How does it play solo?
There is a solo mode for Obsession, and it's a lot better than the typical "beat your own score." When playing solo, you can choose from a range of opponents with varying difficulty levels and base scores—victory point amounts that you'll need to beat in order to emerge the winner. Each AI opponent represents a rival family and is represented by a card that shows that family's base score and the level of development that it will be at during each courtship round. If you don't keep up, the AI can steal the Fairchilds' affections away from you and earn extra victory points. AI opponents also have buying priorities and will purchase new properties from the market based on those automated preferences and on die rolls. This keeps the solo game lively, and I like that you can set your level of challenge.
One possible quibble with the solo AI, however, has to do with courtship. In a game of Obsession, each courtship round determines who will get a visit from one of the Fairchilds for the season, which provides not only an extra card but some VP perks. If you play with "open courtship," all players can see which aspect of estate building the Fairchilds will prioritize for the season and can plan accordingly. Alternatively, you can play "closed courtship" and get a surprise come season's end.
When you are playing solo, this can feel a bit odd, because if you play open courtship, you already know what the AI's score in a given area will be and can concentrate on beating it. If you play closed courtship, you can put your eggs in the wrong basket and get unlucky. I can go either way on this—if you play open, focusing too hard on courtship might mean you aren't pursuing other objectives necessary for victory. If you get a nasty surprise during closed courtship, there are still other ways to earn VP, and thematically I like the idea that you are trying to get a good read on those mysterious Fairchild kids. There is also the Charles Dickens variant(!), in which you reveal the courtship theme card on a random turn during the season, which makes for a nice compromise.
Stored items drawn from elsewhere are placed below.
lemma add_subgroup_adjoin:
  assumes "add_subgroup H"
  shows "add_subgroup (adjoin H a)"
  unfolding add_subgroup_def
proof (intro conjI ballI)
  show "0 \<in> adjoin H a"
    using assms subset_adjoin by (auto simp: add_subgroup_def)
next
  fix x y assume "x \<in> adjoin H a" "y \<in> adjoin H a"
  then obtain i h j g where "x = of_int i * a + h" "h \<in> H" "y = of_int j * a + g" "g \<in> H"
    by (metis adjoinE)
  moreover from this have "x + y = of_int (i + j) * a + (h + g)"
    by (simp add: algebra_simps)
  moreover have "h + g \<in> H"
    using assms \<open>h \<in> H\<close> \<open>g \<in> H\<close> by (simp add: add_subgroup_def)
  ultimately show "x + y \<in> adjoin H a"
    by (metis adjoinI)
next
  fix x assume "x \<in> adjoin H a"
  then obtain i h where "x = of_int i * a + h" "h \<in> H"
    by (rule adjoinE)
  moreover from this have "- x = of_int (- i) * a + - h"
    by simp
  moreover have "- h \<in> H"
    using assms \<open>h \<in> H\<close> by (simp add: add_subgroup_def)
  ultimately show "- x \<in> adjoin H a"
    by (metis adjoinI)
qed

lemma add_subgroup_induct [case_names zero adjoin]:
  assumes zero: "P {0}"
    and adjoin: "\<And>H a. add_subgroup H \<Longrightarrow> a \<notin> H \<Longrightarrow> P H \<Longrightarrow> P (adjoin H a)"
  shows "P (UNIV :: 'a::{ring_1,finite} set)"
proof -
  have "P UNIV" if "add_subgroup H" and "P H" for H :: "'a set"
    using that
  proof (induction "card (- H)" arbitrary: H rule: less_induct)
    case less
    show ?case
    proof (cases "H = UNIV")
      case True
      with less.prems show ?thesis by simp
    next
      case False
      then obtain a where a: "a \<notin> H" by blast
      have "- adjoin H a \<subset> - H"
        using subset_adjoin mem_adjoin_self a less.prems(1) by (fastforce simp: add_subgroup_def)
      then have "card (- adjoin H a) < card (- H)"
        by (simp add: psubset_card_mono)
      then show ?thesis
        using less a adjoin add_subgroup_adjoin by blast
    qed
  qed
  moreover have "add_subgroup {0::'a}"
    by (simp add: add_subgroup_def)
  ultimately show ?thesis
    using zero by blast
qed

lemma of_int_left_inverse:
  assumes "prime CHAR('a::ring_1)" and "(of_int k :: 'a) \<noteq> 0"
  obtains u where "of_int u * (of_int k :: 'a) = 1"
proof -
  have "\<not> int CHAR('a) dvd k"
    using assms(2) by (simp add: of_int_eq_0_iff_char_dvd)
  then have "coprime k (int CHAR('a))"
    using assms(1) prime_imp_coprime[of "int CHAR('a)" k] by (simp add: coprime_commute)
  then obtain u v where "u * k + v * int CHAR('a) = 1"
    by (metis bezout_int coprime_iff_gcd_eq_1)
  then have "of_int u * of_int k + of_int v * of_nat CHAR('a) = (1 :: 'a)"
    by (metis of_int_1 of_int_add of_int_mult of_int_of_nat_eq)
  then show ?thesis
    using that by simp
qed

lemma adjoin_unique:
  fixes H :: "'a::ring_1 set"
  assumes "prime CHAR('a)" and "add_subgroup H" and "a \<notin> H" and "h \<in> H" and "g \<in> H"
    and eq: "of_int i * a + h = of_int j * a + g"
  shows "(of_int i :: 'a) = of_int j \<and> h = g"
proof -
  have "of_int (i - j) * a = g - h"
    using eq by (simp add: algebra_simps)
  then have diff_mem: "of_int (i - j) * a \<in> H"
    using assms(2,4,5) add_subgroup_diff by metis
  have "(of_int (i - j) :: 'a) = 0"
  proof (rule ccontr)
    assume "(of_int (i - j) :: 'a) \<noteq> 0"
    then obtain u where "of_int u * (of_int (i - j) :: 'a) = 1"
      using assms(1) of_int_left_inverse by blast
    then have "a = of_int u * (of_int (i - j) * a)"
      by (metis mult.assoc mult_1)
    then have "a \<in> H"
      using add_subgroup_of_int_mult[OF assms(2) diff_mem] by metis
    with assms(3) show False ..
  qed
  then show ?thesis
    using eq by simp
qed

lemma card_adjoin:
  fixes H :: "'a::ring_1 set"
  assumes "prime CHAR('a)" and "add_subgroup H" and "a \<notin> H"
  shows "card (adjoin H a) = CHAR('a) * card H"
proof -
  let ?p = "int CHAR('a)"
  let ?g = "\<lambda>(i, h). of_int i * a + h"
  have "?p > 0"
    using assms(1) prime_gt_0_nat by simp
  have "adjoin H a = ?g ` ({0..<?p} \<times> H)"
  proof (intro equalityI subsetI)
    fix x assume "x \<in> adjoin H a"
    then obtain i h where "x = of_int i * a + h" "h \<in> H"
      by (rule adjoinE)
    moreover have "(of_int (i mod ?p) :: 'a) = of_int i"
      by (simp add: of_int_eq_iff_cong_CHAR cong_def)
    ultimately show "x \<in> ?g ` ({0..<?p} \<times> H)"
      using \<open>?p > 0\<close> by (auto intro!: image_eqI[of _ _ "(i mod ?p, h)"])
  qed (auto intro: adjoinI)
  moreover have "inj_on ?g ({0..<?p} \<times> H)"
  proof (rule inj_onI, clarsimp)
    fix i j h g
    assume "0 \<le> i" "i < ?p" "0 \<le> j" "j < ?p" "h \<in> H" "g \<in> H"
      and "of_int i * a + h = of_int j * a + g"
    then have "(of_int i :: 'a) = of_int j" "h = g"
      using adjoin_unique assms by blast+
    then show "i = j \<and> h = g"
      using \<open>0 \<le> i\<close> \<open>i < ?p\<close> \<open>0 \<le> j\<close> \<open>j < ?p\<close>
      by (simp add: of_int_eq_iff_cong_CHAR cong_def)
  qed
  ultimately show ?thesis
    by (simp add: card_image card_cartesian_product)
qed

lemma card_UNIV_eq_CHAR_power:
  assumes "prime CHAR('a::{ring_1,finite})"
  obtains k where "card (UNIV :: 'a set) = CHAR('a) ^ k"
proof -
  have "\<exists>k. card (UNIV :: 'a set) = CHAR('a) ^ k"
  proof (induction rule: add_subgroup_induct[where P = "\<lambda>H. \<exists>k. card H = CHAR('a) ^ k"])
    case zero
    show ?case by (auto intro: exI[of _ 0])
  next
    case (adjoin H a)
    then show ?case
      using card_adjoin[OF assms] by (metis power_Suc)
  qed
  then show ?thesis
    using that by blast
qed

definition reaches :: "('a \<Rightarrow> 'a) \<Rightarrow> 'a \<Rightarrow> 'a \<Rightarrow> bool" where
  "reaches f x y \<longleftrightarrow> (\<exists>n. (f ^^ n) x = y)"

lemma reaches_refl: "reaches f x x"
  unfolding reaches_def by (metis funpow_0)

lemma reaches_trans: "reaches f x y \<Longrightarrow> reaches f y z \<Longrightarrow> reaches f x z"
  unfolding reaches_def by (metis funpow_add comp_apply)

definition single_cycle_on :: "('a \<Rightarrow> 'a) \<Rightarrow> 'a set \<Rightarrow> bool" where
  "single_cycle_on f S \<longleftrightarrow> f ` S \<subseteq> S \<and> (\<forall>x\<in>S. \<forall>y\<in>S. reaches f x y)"

lemma funpow_mem: "f ` S \<subseteq> S \<Longrightarrow> x \<in> S \<Longrightarrow> (f ^^ n) x \<in> S"
  by (induction n) auto

lemma single_cycle_on_image_eq:
  assumes "single_cycle_on f S"
  shows "f ` S = S"
proof
  show "f ` S \<subseteq> S"
    using assms by (simp add: single_cycle_on_def)
  show "S \<subseteq> f ` S"
  proof
    fix y assume "y \<in> S"
    moreover from this have "f y \<in> S"
      using assms by (auto simp: single_cycle_on_def)
    ultimately obtain n where n: "(f ^^ n) (f y) = y"
      using assms unfolding single_cycle_on_def reaches_def by blast
    show "y \<in> f ` S"
    proof (cases n)
      case 0
      with n \<open>y \<in> S\<close> show ?thesis by (metis funpow_0 image_eqI)
    next
      case (Suc m)
      with n have "y = f ((f ^^ m) (f y))"
        by (simp add: funpow_Suc_right)
      moreover have "(f ^^ m) (f y) \<in> S"
        using assms \<open>y \<in> S\<close> by (auto simp: single_cycle_on_def intro: funpow_mem)
      ultimately show ?thesis by blast
    qed
  qed
qed

lemma funpow_first_hit:
  assumes "(f ^^ n) x = y"
  obtains m where "(f ^^ m) x = y" and "\<forall>j<m. (f ^^ j) x \<noteq> y"
  using assms exists_least_iff[of "\<lambda>m. (f ^^ m) x = y"] by blast

lemma funpow_path_avoiding_start:
  assumes "(f ^^ n) (f z) = y"
  obtains m where "(f ^^ m) (f z) = y" and "\<forall>j<m. (f ^^ j) (f z) \<noteq> z"
proof -
  obtain m where m: "(f ^^ m) (f z) = y" and least: "\<forall>j<m. (f ^^ j) (f z) \<noteq> y"
    using assms by (rule funpow_first_hit)
  have "(f ^^ j) (f z) \<noteq> z" if "j < m" for j
  proof
    assume returns: "(f ^^ j) (f z) = z"
    have "(f ^^ (m - Suc j)) (f z) = (f ^^ (m - Suc j)) (f ((f ^^ j) (f z)))"
      by (simp add: returns)
    also have "\<dots> = (f ^^ (m - Suc j + Suc j)) (f z)"
      by (simp only: funpow_add funpow.simps comp_apply)
    also have "\<dots> = y"
      using \<open>j < m\<close> m by simp
    finally show False
      using least[rule_format, of "m - Suc j"] \<open>j < m\<close> by simp
  qed
  with m show ?thesis
    using that by blast
qed

locale cycle_lift =
  fixes H :: "'a::ring_1 set" and a :: 'a and f :: "'a \<Rightarrow> 'a"
  assumes prime_CHAR: "prime CHAR('a)"
    and two_neq_zero: "(2::'a) \<noteq> 0"
    and subgroup: "add_subgroup H"
    and not_mem: "a \<notin> H"
    and cycle: "single_cycle_on f H"
    and complete: "inj_on (\<lambda>x. f x + x) H"
begin

definition H_part :: "'a \<Rightarrow> 'a" where
  "H_part x = (THE h. h \<in> H \<and> (\<exists>i. x = of_int i * a + h))"

definition lift :: "'a \<Rightarrow> 'a" where
  "lift x = x - H_part x + f (H_part x) + (if H_part x = 0 then a else 0)"

lemma zero_mem: "0 \<in> H"
  using subgroup by (simp add: add_subgroup_def)

lemma f_mem: "h \<in> H \<Longrightarrow> f h \<in> H"
  using cycle by (auto simp: single_cycle_on_def)

lemma decomposition_unique:
  assumes "h \<in> H" and "g \<in> H" and "of_int i * a + h = of_int j * a + g"
  shows "(of_int i :: 'a) = of_int j \<and> h = g"
  using assms adjoin_unique[OF prime_CHAR subgroup not_mem] by blast

lemma H_part_eq: "h \<in> H \<Longrightarrow> H_part (of_int i * a + h) = h"
  unfolding H_part_def by (rule the_equality) (auto dest: decomposition_unique)

lemma lift_eq:
  assumes "h \<in> H"
  shows "lift (of_int i * a + h) = of_int (if h = 0 then i + 1 else i) * a + f h"
  unfolding lift_def H_part_eq[OF assms] by (simp add: algebra_simps)

lemma lift_mem_adjoin: "x \<in> adjoin H a \<Longrightarrow> lift x \<in> adjoin H a"
  by (auto elim!: adjoinE simp: lift_eq f_mem adjoinI)

lemma of_int_double_cancel:
  assumes "(of_int (2 * i) :: 'a) = of_int (2 * j)"
  shows "(of_int i :: 'a) = of_int j"
proof -
  obtain u where u: "of_int u * (of_int 2 :: 'a) = 1"
    using of_int_left_inverse[OF prime_CHAR] two_neq_zero by (metis of_int_numeral)
  have "(of_int i :: 'a) = of_int u * of_int 2 * of_int i"
    by (simp only: u mult_1)
  also have "\<dots> = of_int u * of_int (2 * j)"
    using assms by (simp only: mult.assoc of_int_mult)
  also have "\<dots> = of_int j"
    by (simp only: of_int_mult mult.assoc[symmetric] u mult_1)
  finally show ?thesis .
qed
I think that to get maximum fun out of Obsession, you need to really be committed to the theme—middle school Liz Davidson thought that Colin-Firth-as-Mr. Darcy was the sexiest being in existence. I have read all of the Austen and Brontë novels, plus a... significant... number of Regency romances. I was primed for this game. The flavor text is great, and the theme and mechanics are nicely interwoven. For me, the greatest pleasure of a game of Obsession is making up a story about the guests you throw together at the events you host for them.
If reading Sense and Sensibility or watching Downton Abbey is not your cup of tea, Obsession may not be a good match for you. The graphic design in this game is nothing special. Mechanically, Obsession is interesting—it's a challenge to manage both the guests in your hand and the servants in your household—but it can also be frustrating. Sometimes you need to reach an in-game goal, but you don't have the right guests and just can't seem to pick up anyone suitable from the draw deck. If you choose to pursue an objective that requires specific room tiles, it can be difficult to actually acquire those rooms. The market is fickle, and there aren't many duplicate copies of room tiles to draw.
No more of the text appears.